We might contrast these thinking styles as follows:
Moonshot Mentality: Big problems require big projects. Solutions must be at least as bold as the severity of the problems they seek to address. Want to power the masses’ homes and businesses? Build the Hoover Dam. Want to cure all that ails Puerto Rico? Build a hyperloop. Want to show the Soviets who’s boss? Build a rocketship that will carry Americans to the moon. We need brilliant engineers to think in complicated ways until a complete solution can be fully conceived, blueprinted, and built.
Mycelial Thinking: Big problems require a thousand different experiments, most of which will start small but have the potential to scale to the level of the problem. Such experiments will be carried out in self-organizing networks of experimenters with superior means of collective intelligence. These networks attack the problems from various angles. Indeed, problems often aren’t one big monolith, rather a cluster of interrelated problems. We need a cluster of interrelated solutions. We need brilliant people to think about protocol-level rules, so that complex, multivariate solutions can emerge–even if we don’t yet know what they are.
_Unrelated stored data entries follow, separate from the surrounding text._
text \<open>At most two pairs forbid at most two of the three rotations \<open>k\<close>.\<close>
lemma exists_rotation_avoiding:
  fixes f g :: "'a \<Rightarrow> nat"
  assumes "finite P" "card P \<le> 2" "\<And>x y. (x, y) \<in> P \<Longrightarrow> g y < 3"
  obtains k where "k < 3" "\<And>x y. (x, y) \<in> P \<Longrightarrow> f x \<noteq> (g y + k) mod 3"
proof -
  define bad where "bad = (\<lambda>(x, y). (f x + 3 - g y) mod 3) ` P"
  have "card bad \<le> card P"
    unfolding bad_def by (rule card_image_le[OF assms(1)])
  then have "card bad < card {..<3::nat}" using assms(2) by simp
  then have "\<not> {..<3} \<subseteq> bad"
    using assms(1) unfolding bad_def by (meson card_mono finite_imageI leD)
  then obtain k where k: "k < 3" "k \<notin> bad" by blast
  have "f x \<noteq> (g y + k) mod 3" if "(x, y) \<in> P" for x y
  proof
    assume "f x = (g y + k) mod 3"
    then have "(f x + 3 - g y) mod 3 = k"
      using assms(3)[OF that] k(1) by (auto dest!: less_3_cases)
    then show False using k(2) that unfolding bad_def by force
  qed
  then show thesis using that k(1) by blast
qed

lemma rotate_mod_3_inj:
  "(b::nat) < 3 \<Longrightarrow> b' < 3 \<Longrightarrow> k < 3 \<Longrightarrow> (b + k) mod 3 = (b' + k) mod 3 \<Longrightarrow> b = b'"
  by (auto dest!: less_3_cases)

locale finite_graph =
  fixes V :: "'a set" and E :: "'a \<Rightarrow> 'a \<Rightarrow> bool"
  assumes simple: "simple_graph V E"
begin

lemma finite_vertices [simp]: "finite V"
  using simple unfolding simple_graph_def by blast

lemma adj_in_vertices: "E x y \<Longrightarrow> x \<in> V" "E x y \<Longrightarrow> y \<in> V"
  using simple unfolding simple_graph_def by blast+

lemma adj_sym: "E x y \<Longrightarrow> E y x"
  using simple unfolding simple_graph_def by blast

lemma adj_irrefl: "\<not> E x x"
  using simple unfolding simple_graph_def by blast

lemma finite_neighbourhood: "finite {y\<in>A. E x y}"
  by (rule finite_subset[of _ V]) (auto dest: adj_in_vertices(2))

definition cut_edges :: "'a set \<Rightarrow> ('a \<times> 'a) set" where
  "cut_edges A = {(x, y). x \<in> A \<and> y \<in> V - A \<and> E x y}"

lemma finite_cut_edges: "finite (cut_edges A)"
proof (rule finite_subset)
  show "cut_edges A \<subseteq> V \<times> V"
    unfolding cut_edges_def by (blast dest: adj_in_vertices)
qed (simp add: finite_vertices)

lemma card_cut_edges_closed_remove_two:
  assumes "component_closed (V - {u, w}) E K" "u \<noteq> w"
  shows "card (cut_edges K) = card {x\<in>K. E u x} + card {x\<in>K. E w x}"
proof -
  have cut_eq: "cut_edges K = (\<lambda>x. (x, u)) ` {x\<in>K. E u x} \<union> (\<lambda>x. (x, w)) ` {x\<in>K. E w x}"
  proof (intro equalityI subsetI)
    fix p assume "p \<in> cut_edges K"
    then obtain x y where p: "p = (x, y)" "x \<in> K" "y \<in> V - K" "E x y"
      unfolding cut_edges_def by blast
    then have "y = u \<or> y = w" using assms(1) unfolding component_closed_def by blast
    then show "p \<in> (\<lambda>x. (x, u)) ` {x\<in>K. E u x} \<union> (\<lambda>x. (x, w)) ` {x\<in>K. E w x}"
      using p adj_sym[OF p(4)] by blast
  next
    fix p assume "p \<in> (\<lambda>x. (x, u)) ` {x\<in>K. E u x} \<union> (\<lambda>x. (x, w)) ` {x\<in>K. E w x}"
    then obtain x y where "p = (x, y)" "x \<in> K" "y = u \<or> y = w" "E y x" by blast
    then show "p \<in> cut_edges K"
      using assms(1) adj_sym[of y x] adj_in_vertices(1)[of y x]
      unfolding cut_edges_def component_closed_def by blast
  qed
  show ?thesis
    unfolding cut_eq using assms(2)
    by (subst card_Un_disjoint) (auto simp: finite_neighbourhood card_image inj_on_def)
qed

lemma card_le_independence_number:
  assumes "independent_set V E S"
  shows "card S \<le> independence_number V E"
proof -
  have "finite {S. independent_set V E S}"
    using finite_vertices unfolding independent_set_def by simp
  then show ?thesis
    unfolding independence_number_def using assms by (intro Max_ge) auto
qed

lemma independence_number_attained:
  "\<exists>S. independent_set V E S \<and> card S = independence_number V E"
proof -
  have "finite {S. independent_set V E S}" "{} \<in> {S. independent_set V E S}"
    using finite_vertices unfolding independent_set_def by simp_all
  then have "independence_number V E \<in> card ` {S. independent_set V E S}"
    unfolding independence_number_def by (intro Max_in) auto
  then show ?thesis by auto
qed

lemma dissociation_number_attained:
  "\<exists>D. dissociation_set V E D \<and> card D = dissociation_number V E"
proof -
  have "finite {D. dissociation_set V E D}" "{} \<in> {D. dissociation_set V E D}"
    using finite_vertices unfolding dissociation_set_def by simp_all
  then have "dissociation_number V E \<in> card ` {D. dissociation_set V E D}"
    unfolding dissociation_number_def by (intro Max_in) auto
  then show ?thesis by auto
qed

lemma card_le_mult_independence_number:
  assumes "proper_colouring V E (\<lambda>_. {..<k}) c"
  shows "card V \<le> k * independence_number V E"
proof -
  have "independent_set V E {x\<in>V. c x = i}" for i
    using assms unfolding proper_colouring_def independent_set_def by force
  then have class_le: "card {x\<in>V. c x = i} \<le> independence_number V E" for i
    by (rule card_le_independence_number)
  have "V = (\<Union>i<k. {x\<in>V. c x = i})"
    using assms unfolding proper_colouring_def by auto
  then have "card V \<le> (\<Sum>i<k. card {x\<in>V. c x = i})"
    by (metis card_UN_le finite_lessThan)
  also have "\<dots> \<le> (\<Sum>i<k. independence_number V E)"
    by (intro sum_mono class_le)
  finally show ?thesis by simp
qed

lemma finite_independent_set: "independent_set V E S \<Longrightarrow> finite S"
  unfolding independent_set_def using finite_subset[OF _ finite_vertices] by blast

lemma maximum_independent_set_dominating:
  assumes "independent_set V E S" "card S = independence_number V E" "r \<in> V" "r \<notin> S"
  shows "\<exists>y\<in>S. E r y"
proof (rule ccontr)
  assume "\<not> (\<exists>y\<in>S. E r y)"
  then have "independent_set V E (insert r S)"
    using assms adj_sym adj_irrefl unfolding independent_set_def by blast
  then have "card (insert r S) \<le> card S"
    using card_le_independence_number assms(2) by simp
  then show False using finite_independent_set[OF assms(1)] assms(4) by simp
qed

lemma independent_set_exchange:
  assumes "independent_set V E S" "y \<in> S" "r \<in> V" "\<And>z. z \<in> S \<Longrightarrow> E r z \<Longrightarrow> z = y"
  shows "independent_set V E (insert r (S - {y}))"
  using assms adj_sym adj_irrefl unfolding independent_set_def by blast

lemma maximum_independent_set_farthest_from:
  obtains S where "independent_set V E S" "card S = independence_number V E"
    "\<And>S'. independent_set V E S' \<Longrightarrow> card S' = independence_number V E
       \<Longrightarrow> card (S' - D) \<le> card (S - D)"
proof -
  obtain S0 where "independent_set V E S0 \<and> card S0 = independence_number V E"
    using independence_number_attained by blast
  moreover have "card (S - D) < Suc (card V)" if "independent_set V E S" for S
    using that finite_vertices unfolding independent_set_def
    by (meson Diff_subset card_mono le_imp_less_Suc order_trans)
  ultimately show thesis
    using that Lattices_Big.ex_has_greatest_nat[where P = "\<lambda>S. independent_set V E S \<and>
      card S = independence_number V E" and f = "\<lambda>S. card (S - D)" and b = "Suc (card V)"]
    by blast
qed

end

locale cubic_graph = finite_graph +
  assumes cubic: "cubic V E"
begin

lemma card_neighbourhood: "x \<in> V \<Longrightarrow> card {y\<in>V. E x y} = 3"
  using cubic unfolding cubic_def degree_def neighbors_def by blast

lemma neighbourhood_eq_if_card_ge:
  assumes "x \<in> V" "T \<subseteq> {y\<in>V. E x y}" "3 \<le> card T"
  shows "{y\<in>V. E x y} = T"
  using card_subset_eq[OF finite_neighbourhood assms(2)] card_mono[OF finite_neighbourhood assms(2)]
    card_neighbourhood[OF assms(1)] assms(3)
  by simp

lemma card_disjoint_neighbourhoods_le:
  assumes "x \<in> V" "A \<inter> B = {}"
  shows "card {y\<in>A. E x y} + card {y\<in>B. E x y} \<le> 3"
proof -
  have "card {y\<in>A. E x y} + card {y\<in>B. E x y} = card ({y\<in>A. E x y} \<union> {y\<in>B. E x y})"
    using assms(2) finite_neighbourhood by (intro card_Un_disjoint[symmetric]) auto
  also have "\<dots> \<le> card {y\<in>V. E x y}"
    by (intro card_mono finite_neighbourhood) (blast dest: adj_in_vertices(2))
  finally show ?thesis using card_neighbourhood[OF assms(1)] by simp
qed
It’s no wonder that moonshot thinking gets all the attention and budgets from bureaucrats. A single project with a visualizable product is sexier and easier to sell to the laity. Can you imagine trying to get popular support around something so abstract and prosaic as an economically diverse, thriving human ecosystem?
In fairness to Peter Diamandis, he and Steven Kotler do employ a fair amount of mycelial thinking in books like Abundance and Bold. They use the term “exponential technology,” the precise meaning of which doesn’t exactly parse any distinction between moonshots and mushrooms. But our call, of course, is to move away from the former mentality, towards the latter.
Happily, we don’t generally have to sell mycelial thinking to the masses. Instead, we have to be a smart, determined swarm of local innovators willing to make new rules for new systems into which people migrate. In other words, the easiest way to bring down the old order is to sow the seeds of emergence.
Image courtesy of Shutterstock.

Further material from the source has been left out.